# Dataset entries
===

lemma weighted_objective_decoupled:
  fixes psi :: "'a::real_inner \<Rightarrow> real^'n::finite" and lam :: "'n \<Rightarrow> 'a"
  assumes ppos: "\<And>y. 0 < p$y" and qlam: "(\<Sum>y\<in>UNIV. (q$y / p$y) *\<^sub>R lam y) = 0"
  shows "q \<bullet> psi u = (\<Sum>y\<in>UNIV. (q$y / p$y) * (p$y * psi u $ y - lam y \<bullet> u))"
proof -
  have "(\<Sum>y\<in>UNIV. (q$y / p$y) * (p$y * psi u $ y - lam y \<bullet> u))
        = (\<Sum>y\<in>UNIV. q$y * psi u $ y) - (\<Sum>y\<in>UNIV. (q$y / p$y) *\<^sub>R lam y) \<bullet> u"
    using ppos by (simp add: right_diff_distrib sum_subtractf inner_sum_left less_imp_neq[THEN not_sym])
  then show ?thesis using qlam by (simp add: inner_vec_def)
qed

text \<open>Take multipliers \<lambda> for the problem min_u p \<bullet> \<psi>(u) and a
  minimizing sequence u_j; by the multiplier property each u_j nearly minimizes every
  decoupled term p_y \<psi>_y(u) - \<lambda>_y \<bullet> u, hence also q \<bullet> \<psi> for every weight q with
  \<Sum>_y (q_y / p_y) \<lambda>_y = 0. A prediction t made infinitely often along the sequence is
  therefore optimal for all these q, by calibration.\<close>
lemma common_optimal_prediction:
  fixes L :: "real^'k^'n" and psi :: "'a::real_inner \<Rightarrow> real^'n" and lam :: "'n \<Rightarrow> 'a"
    and pred :: "'a \<Rightarrow> 'k"
  assumes ppos: "\<And>y. 0 < p$y" and lam0: "sum lam UNIV = 0"
    and lamF: "\<And>v. (\<And>y. v y \<in> C) \<Longrightarrow> F \<le> (\<Sum>y\<in>UNIV. p$y * psi (v y) $ y - lam y \<bullet> v y)"
    and approx: "\<And>e. e > 0 \<Longrightarrow> \<exists>u\<in>C. p \<bullet> psi u < F + e"
    and cal: "\<forall>q\<in>prob_simplex. (INF u\<in>{u\<in>C. pred u \<notin> argmin_loss L q}. ereal (q \<bullet> psi u))
                 > (INF u\<in>C. ereal (q \<bullet> psi u))"
  obtains t where "\<And>q. q \<in> prob_simplex \<Longrightarrow> (\<Sum>y\<in>UNIV. (q$y / p$y) *\<^sub>R lam y) = 0 \<Longrightarrow>
    t \<in> argmin_loss L q"
proof -
  define h where "h = (\<lambda>y u. p$y * psi u $ y - lam y \<bullet> u)"
  have sumh: "(\<Sum>y\<in>UNIV. h y u) = p \<bullet> psi u" for u
    by (simp add: h_def sum_subtractf inner_vec_def lam0 flip: inner_sum_left)
  obtain useq where useqC: "\<And>j. useq j \<in> C" and useqF: "\<And>j. p \<bullet> psi (useq j) < F + 1 / real (Suc j)"
    using approx[of "1 / real (Suc _)"] by (metis of_nat_0_less_iff zero_less_Suc zero_less_divide_1_iff)
  have near_h: "h y (useq j) \<le> h y w + 1 / real (Suc j)" if "w \<in> C" for y j w
    by (rule decoupled_near_minimizer[where F = F]) (use lamF useqC useqF sumh that in \<open>auto simp: h_def\<close>)
  obtain t where inf: "infinite {j. pred (useq j) = t}"
    using pigeonhole_infinite[OF infinite_UNIV_nat, of "pred \<circ> useq"] by auto
  show ?thesis
  proof
    fix q assume q: "q \<in> prob_simplex" and qlam: "(\<Sum>y\<in>UNIV. (q$y / p$y) *\<^sub>R lam y) = 0"
    have qnn: "\<And>y. 0 \<le> q$y / p$y" using q ppos by (auto simp: prob_simplex_def less_imp_le)
    have qh: "q \<bullet> psi u = (\<Sum>y\<in>UNIV. (q$y / p$y) * h y u)" for u
      unfolding h_def by (rule weighted_objective_decoupled[OF ppos qlam])
    have near: "q \<bullet> psi (useq j) \<le> q \<bullet> psi w + (\<Sum>y\<in>UNIV. q$y / p$y) / real (Suc j)"
      if "w \<in> C" for j w
    proof -
      have "(\<Sum>y\<in>UNIV. (q$y / p$y) * h y (useq j)) \<le> (\<Sum>y\<in>UNIV. (q$y / p$y) * (h y w + 1 / real (Suc j)))"
        using near_h[OF that] qnn by (intro sum_mono mult_left_mono) auto
      then show ?thesis by (simp add: qh distrib_left sum.distrib sum_divide_distrib)
    qed
    have gap: "(INF u\<in>C. ereal (q \<bullet> psi u))
               < (INF u\<in>{u\<in>C. pred u \<notin> argmin_loss L q}. ereal (q \<bullet> psi u))"
      using cal q by blast
    show "t \<in> argmin_loss L q"
      using calibration_limit_prediction[where g = "\<lambda>u. q \<bullet> psi u", OF gap useqC near inf] .
  qed
qed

===

Above are the records; report each line in them that includes the word "thesis".

# Task result
  then show ?thesis using qlam by (simp add: inner_vec_def)
  show ?thesis
      then show ?thesis by (simp add: qh distrib_left sum.distrib sum_divide_distrib)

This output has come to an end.